■ **Your task**:
Scan the records below for the line containing "define y where" and the line containing "(auto simp: card_gt_0_iff)". Copy both, plus every line between, exactly.

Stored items
--------------------
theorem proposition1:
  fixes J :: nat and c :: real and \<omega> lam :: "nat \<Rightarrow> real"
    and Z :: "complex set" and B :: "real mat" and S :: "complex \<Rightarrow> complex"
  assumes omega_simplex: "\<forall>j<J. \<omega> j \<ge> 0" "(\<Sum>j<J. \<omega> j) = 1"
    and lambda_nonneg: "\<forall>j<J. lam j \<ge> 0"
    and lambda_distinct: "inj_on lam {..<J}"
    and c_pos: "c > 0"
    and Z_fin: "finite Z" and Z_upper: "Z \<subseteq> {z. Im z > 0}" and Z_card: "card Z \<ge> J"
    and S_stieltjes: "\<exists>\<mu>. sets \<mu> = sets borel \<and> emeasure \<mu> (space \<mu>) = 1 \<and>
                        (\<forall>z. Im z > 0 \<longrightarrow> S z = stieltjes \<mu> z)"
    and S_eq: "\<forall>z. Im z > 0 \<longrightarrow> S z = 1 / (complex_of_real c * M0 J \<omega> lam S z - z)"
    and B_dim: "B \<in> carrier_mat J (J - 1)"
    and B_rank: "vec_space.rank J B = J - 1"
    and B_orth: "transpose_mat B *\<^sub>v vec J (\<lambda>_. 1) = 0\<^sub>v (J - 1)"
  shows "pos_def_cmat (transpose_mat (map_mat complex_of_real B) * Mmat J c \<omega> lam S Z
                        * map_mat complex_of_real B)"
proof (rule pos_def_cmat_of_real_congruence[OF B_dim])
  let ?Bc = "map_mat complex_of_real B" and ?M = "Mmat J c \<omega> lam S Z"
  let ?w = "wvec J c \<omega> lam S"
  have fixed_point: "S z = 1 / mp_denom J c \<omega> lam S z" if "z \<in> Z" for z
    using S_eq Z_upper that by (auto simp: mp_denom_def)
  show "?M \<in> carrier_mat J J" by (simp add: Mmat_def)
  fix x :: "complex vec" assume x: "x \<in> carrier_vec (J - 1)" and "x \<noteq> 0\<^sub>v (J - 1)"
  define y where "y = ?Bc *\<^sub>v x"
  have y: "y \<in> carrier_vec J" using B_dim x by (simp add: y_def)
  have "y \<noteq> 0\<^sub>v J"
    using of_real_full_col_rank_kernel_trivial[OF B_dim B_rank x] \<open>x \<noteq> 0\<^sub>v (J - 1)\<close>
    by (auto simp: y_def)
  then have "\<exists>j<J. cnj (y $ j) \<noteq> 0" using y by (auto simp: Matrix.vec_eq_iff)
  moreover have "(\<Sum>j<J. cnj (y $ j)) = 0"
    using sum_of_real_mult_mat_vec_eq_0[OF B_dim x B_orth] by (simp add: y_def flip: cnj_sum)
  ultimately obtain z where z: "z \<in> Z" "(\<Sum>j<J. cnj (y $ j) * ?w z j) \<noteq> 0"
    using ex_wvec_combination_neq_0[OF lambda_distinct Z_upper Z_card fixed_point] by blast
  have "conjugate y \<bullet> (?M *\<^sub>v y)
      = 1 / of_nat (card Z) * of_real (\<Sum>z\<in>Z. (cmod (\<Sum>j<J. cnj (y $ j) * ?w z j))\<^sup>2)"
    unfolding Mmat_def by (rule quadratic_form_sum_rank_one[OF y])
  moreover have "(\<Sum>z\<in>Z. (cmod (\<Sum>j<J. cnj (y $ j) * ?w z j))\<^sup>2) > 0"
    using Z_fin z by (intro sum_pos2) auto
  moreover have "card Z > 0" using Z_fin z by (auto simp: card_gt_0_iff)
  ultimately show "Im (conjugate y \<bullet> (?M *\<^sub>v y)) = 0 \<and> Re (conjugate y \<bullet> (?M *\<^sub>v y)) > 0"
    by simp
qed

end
--------------------
■ **Task solution**:
  define y where "y = ?Bc *\<^sub>v x"
  have y: "y \<in> carrier_vec J" using B_dim x by (simp add: y_def)
  have "y \<noteq> 0\<^sub>v J"
    using of_real_full_col_rank_kernel_trivial[OF B_dim B_rank x] \<open>x \<noteq> 0\<^sub>v (J - 1)\<close>
    by (auto simp: y_def)
  then have "\<exists>j<J. cnj (y $ j) \<noteq> 0" using y by (auto simp: Matrix.vec_eq_iff)
  moreover have "(\<Sum>j<J. cnj (y $ j)) = 0"
    using sum_of_real_mult_mat_vec_eq_0[OF B_dim x B_orth] by (simp add: y_def flip: cnj_sum)
  ultimately obtain z where z: "z \<in> Z" "(\<Sum>j<J. cnj (y $ j) * ?w z j) \<noteq> 0"
    using ex_wvec_combination_neq_0[OF lambda_distinct Z_upper Z_card fixed_point] by blast
  have "conjugate y \<bullet> (?M *\<^sub>v y)
      = 1 / of_nat (card Z) * of_real (\<Sum>z\<in>Z. (cmod (\<Sum>j<J. cnj (y $ j) * ?w z j))\<^sup>2)"
    unfolding Mmat_def by (rule quadratic_form_sum_rank_one[OF y])
  moreover have "(\<Sum>z\<in>Z. (cmod (\<Sum>j<J. cnj (y $ j) * ?w z j))\<^sup>2) > 0"
    using Z_fin z by (intro sum_pos2) auto
  moreover have "card Z > 0" using Z_fin z by (auto simp: card_gt_0_iff)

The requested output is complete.